Cool Idea. I think I would still have the cable roll up into gather in the retraceable extension cord thing, but instead would you be able to fix a motor at the bottom of it? It could pull the cord out and then feed it back in. There is one problem I could see and that is an auto lock on the retraceable cord.

Hope this gets you some ideas, Im just thinking out load.


----------



## Footer (Apr 2, 2010)

I have done this in a theatre before but we just attached the mic to a lineset and flew it in. 

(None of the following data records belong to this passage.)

(* Assume $n$ is sufficiently large and $2\le r<\sqrt[5]{\ln n}$. Let $H=(V,E)$ be an $n$-uniform hypergraph, let $1\le k\le i\le r$, and let $H'=(C_1,\dots,C_k)$ be an ordered $k$-tuple of edges of $H$. If the weights $\sigma(v)$, $v\in V$, are independent and uniformly distributed on $[0,1)$, then the probability that $H'$ is an ordered $k$-chain for color $i$ is at most $$2\left(\frac{\ln n}{n}\right)^{\frac{k(r-1)}{r}}r^{-(n-1)k-1}.$$
   Context: Setting: $H=(V,E)$ an $n$-uniform hypergraph, colors $\{1,\dots,r\}$. Put $p=\frac{r-1}{r}\cdot\frac{\ln(n/\ln n)}{n}$. Partition $[0,1)$ into consecutive half-open intervals $\Delta_1,\delta_1,\dots,\delta_{r-1},\Delta_r$ (left to right), $\Delta_i=\big[(i-1)(\tfrac{1-p}{r}+\tfrac{p}{r-1}),\ i\tfrac{1-p}{r}+(i-1)\tfrac{p}{r-1}\big)$, $\delta_i=\big[i\tfrac{1-p}{r}+(i-1)\tfrac{p}{r-1},\ i(\tfrac{1-p}{r}+\tfrac{p}{r-1})\big)$. For injective $\sigma:V\to[0,1)$ (which holds almost surely), a vertex $v$ belongs to interval $I$ if $\sigma(v)\in I$; the first (last) vertex of a vertex set is its vertex of smallest (largest) weight. Algorithm 1: every vertex in $\Delta_i$ gets color $i$; then vertices in $\bigcup_i\delta_i$ are processed in increasing weight order, and $v\in\delta_i$ gets color $i$ unless some edge containing $v$ has all its other vertices already colored $i$, in which case $v$ gets color $i+1$; the result is $C^0$. A sequence $(C_1,\dots,C_k)$ of edges is an ordered $k$-chain for color $i$ ($1\le k\le i\le r$) if: (a) the first vertex of $C_1$ lies in $\Delta_{i-k+1}$; (b) for each $j=1,\dots,k-1$, the last vertex of $C_j$ equals the first vertex of $C_{j+1}$, lies in $\delta_{i-k+j}$, and all other vertices of $C_j$ have color $i-k+j$ in $C^0$; (c) all vertices of $C_k$ have color $i$ in $C^0$. *)

theory Defs
  imports "HOL-Probability.Probability"
begin

definition pp :: "nat \<Rightarrow> nat \<Rightarrow> real" where
  "pp n r = (real r - 1) / real r * (ln (real n / ln (real n)) / real n)"

definition DeltaI :: "nat \<Rightarrow> nat \<Rightarrow> nat \<Rightarrow> real set" where
  "DeltaI n r i = {(real i - 1) * ((1 - pp n r) / real r + pp n r / (real r - 1)) ..<
                   real i * ((1 - pp n r) / real r) + (real i - 1) * (pp n r / (real r - 1))}"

Motorised cable reals do exist. Something like this. It would be possible to wire up and mount a small motor with a traction/wheel drive to the reel you have now. You would have to disable the auto stop, but it would work.


----------



## Sasquatch (Apr 2, 2010)

I was thinking of still using the wheel I have and attaching a small forward/reverse motor to it. You can detatch the locking mechanism on the wheel. Just have to come up with a design. I looked at the motorized cable. That would be great if I could find one used or even for free. Limited budget and don't want to spend $285.00 for it. Thanks for the tip though. I'll start asking around maybe someone has an old one in their shop somewhere.


----------



## FatherMurphy (Apr 3, 2010)

You could also rig the mic to lower using some curtain track - attach a pulley to the master carrier, and a fixed pulley center stage, with the cable running from the jack, around the moving pulley, and back to the fixed pulley. Pull the carrier offstage, the mic goes up, move the carrier onstage, the mic goes down (assuming it's heavy enough). The bonus is that you don't have to deal with wipers and rings to pass the audio signal, like with a winch or reel setup.


----------